Records excerpted from a collection:
Segment Open

lemma bracket_xdiff2_in_lcs3:
  assumes F: "FS_data n \<xi> \<eta>" and ij: "i < n" "j < n"
    and u: "valid_mono n u" "even (card (snd u))" and w: "valid_mono n w" "even (card (snd w))"
  shows "lcs n 3 (xdiff2_pair i j (\<lambda>a b. acomm (\<xi> (bas a)) (\<xi> (bas b))) u w)"
proof -
  define W where "W a b = dwedge a b" for a b
  define u\<^sub>1 w\<^sub>1 u\<^sub>2 w\<^sub>2 u\<^sub>3 w\<^sub>3 u\<^sub>4 w\<^sub>4 where
    u\<^sub>1_def: "u\<^sub>1 = mult_y i (mult_y j u)" and w\<^sub>1_def: "w\<^sub>1 = w"
    and u\<^sub>2_def: "u\<^sub>2 = mult_y i u" and w\<^sub>2_def: "w\<^sub>2 = mult_y j w"
    and u\<^sub>3_def: "u\<^sub>3 = mult_y j u" and w\<^sub>3_def: "w\<^sub>3 = mult_y i w"
    and u\<^sub>4_def: "u\<^sub>4 = u" and w\<^sub>4_def: "w\<^sub>4 = mult_y i (mult_y j w)"
  have pairs: "valid_mono n a \<and> even (card (snd a)) \<and> valid_mono n b \<and> even (card (snd b))"
    if "(a, b) \<in> {(u\<^sub>1, w\<^sub>1), (u\<^sub>2, w\<^sub>2), (u\<^sub>3, w\<^sub>3), (u\<^sub>4, w\<^sub>4)}" for a b
    using that u w ij by (auto simp: u\<^sub>1_def w\<^sub>1_def u\<^sub>2_def w\<^sub>2_def u\<^sub>3_def w\<^sub>3_def u\<^sub>4_def w\<^sub>4_def
        valid_mono_mult_y)
  have bracket: "lcs_mod n 3 (acomm (\<xi> (bas a)) (\<xi> (bas b))) (\<eta> (W a b))"
    if "(a, b) \<in> {(u\<^sub>1, w\<^sub>1), (u\<^sub>2, w\<^sub>2), (u\<^sub>3, w\<^sub>3), (u\<^sub>4, w\<^sub>4)}" for a b
    using FS_data_bracket[OF F] even_form_bas pairs[OF that] by (simp add: W_def dwedge_def)
  have exact: "exact_pos n (W a b)"
    if "(a, b) \<in> {(u\<^sub>1, w\<^sub>1), (u\<^sub>2, w\<^sub>2), (u\<^sub>3, w\<^sub>3), (u\<^sub>4, w\<^sub>4)}" for a b
    using exact_pos_dwedge pairs[OF that] by (simp add: W_def)
  have split: "xdiff2_pair i j G u w
      = (\<lambda>v. (G u\<^sub>1 w\<^sub>1 v - G u\<^sub>2 w\<^sub>2 v) - (G u\<^sub>3 w\<^sub>3 v - G u\<^sub>4 w\<^sub>4 v))" for G :: "mono \<Rightarrow> mono \<Rightarrow> 'b \<Rightarrow> complex"
    by (simp add: xdiff2_pair_def u\<^sub>1_def w\<^sub>1_def u\<^sub>2_def w\<^sub>2_def u\<^sub>3_def w\<^sub>3_def u\<^sub>4_def w\<^sub>4_def)
  have "lcs_mod n 3 (xdiff2_pair i j (\<lambda>a b. acomm (\<xi> (bas a)) (\<xi> (bas b))) u w)
                    (xdiff2_pair i j (\<lambda>a b. \<eta> (W a b)) u w)"
    unfolding split by (intro lcs_mod_diff bracket) simp_all
  also have "lcs_mod n 3 \<dots> (\<lambda>x. \<eta> (\<lambda>v. W u\<^sub>1 w\<^sub>1 v - W u\<^sub>2 w\<^sub>2 v) x - \<eta> (\<lambda>v. W u\<^sub>3 w\<^sub>3 v - W u\<^sub>4 w\<^sub>4 v) x)"
    unfolding split by (rule lcs_mod_diff; rule eta_diff[OF F]; rule exact; simp)
  also have "lcs_mod n 3 \<dots> (\<eta> (xdiff2_pair i j W u w))"
    unfolding split by (rule eta_diff[OF F]; rule exact_pos_diff; rule exact; simp)
  also have "xdiff2_pair i j W u w = (\<lambda>_. 0)"
    unfolding W_def using u w ij by (intro dwedge_xdiff2_cancel)
  also have "lcs_mod n 3 (\<eta> (\<lambda>_. 0)) (\<lambda>_. 0)"
    using eta_zero[OF F] by (simp only: lcs_mod_0_iff)
  finally show ?thesis
    by (simp only: lcs_mod_0_iff)
qed
theorem theorem3p1:
  fixes n :: nat and \<alpha> \<beta> \<gamma> :: real
  assumes "\<alpha> > 0" "\<beta> > 0" "\<gamma> > 0" "n \<ge> 2"
  shows "Z_GS n \<alpha> \<beta> \<gamma> =
    (\<Sum>t1 \<in> {0, 1::nat}. \<Sum>t2 \<in> {0, 1::nat}.
       (1 / 2 * (-1) ^ ((t1 + n + 1) * (t2 + n + 1))) * det_on (mids n) (Kop n \<alpha> \<beta> \<gamma> t1 t2))"
proof -
  have "(\<Sum>t1 \<in> {0, 1::nat}. \<Sum>t2 \<in> {0, 1::nat}.
       (1 / 2 * (-1) ^ ((t1 + n + 1) * (t2 + n + 1))) * det_on (mids n) (Kop n \<alpha> \<beta> \<gamma> t1 t2))
    = (\<Sum>\<rho> \<in> GS n. \<Sum>t1 \<in> {0, 1::nat}. \<Sum>t2 \<in> {0, 1::nat}.
       (1 / 2 * (-1) ^ ((t1 + n + 1) * (t2 + n + 1))) *
       (of_int (sign \<rho>) * (\<Prod>x \<in> mids n. Kop n \<alpha> \<beta> \<gamma> t1 t2 x (\<rho> x))))"
    unfolding det_on_Kop_eq_sum_GS sum_distrib_left by (simp only: sum.swap[of _ "GS n"])
  also have "\<dots> = (\<Sum>\<rho> \<in> GS n. (-1) ^ crossings n \<rho> *
      of_real (\<alpha> ^ cntA n \<rho> * \<beta> ^ cntB n \<rho> * \<gamma> ^ cntC n \<rho>))"
    using assms(4)
    by (intro sum.cong refl snake.theta_sum_rho) (auto intro: snake.intro torus.intro snake_axioms.intro)
  finally show ?thesis unfolding Z_GS_def ..
qed

end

Segment Closed

**YOUR INSTRUCTIONS**
Beginning at the line with "GS n. \<Sum>t1" and ending at the line with "(of_int (sign \<rho>)", reproduce each line of the data above exactly, and add no other lines.

**RESULT BELOW**
    = (\<Sum>\<rho> \<in> GS n. \<Sum>t1 \<in> {0, 1::nat}. \<Sum>t2 \<in> {0, 1::nat}.
       (1 / 2 * (-1) ^ ((t1 + n + 1) * (t2 + n + 1))) *
       (of_int (sign \<rho>) * (\<Prod>x \<in> mids n. Kop n \<alpha> \<beta> \<gamma> t1 t2 x (\<rho> x))))"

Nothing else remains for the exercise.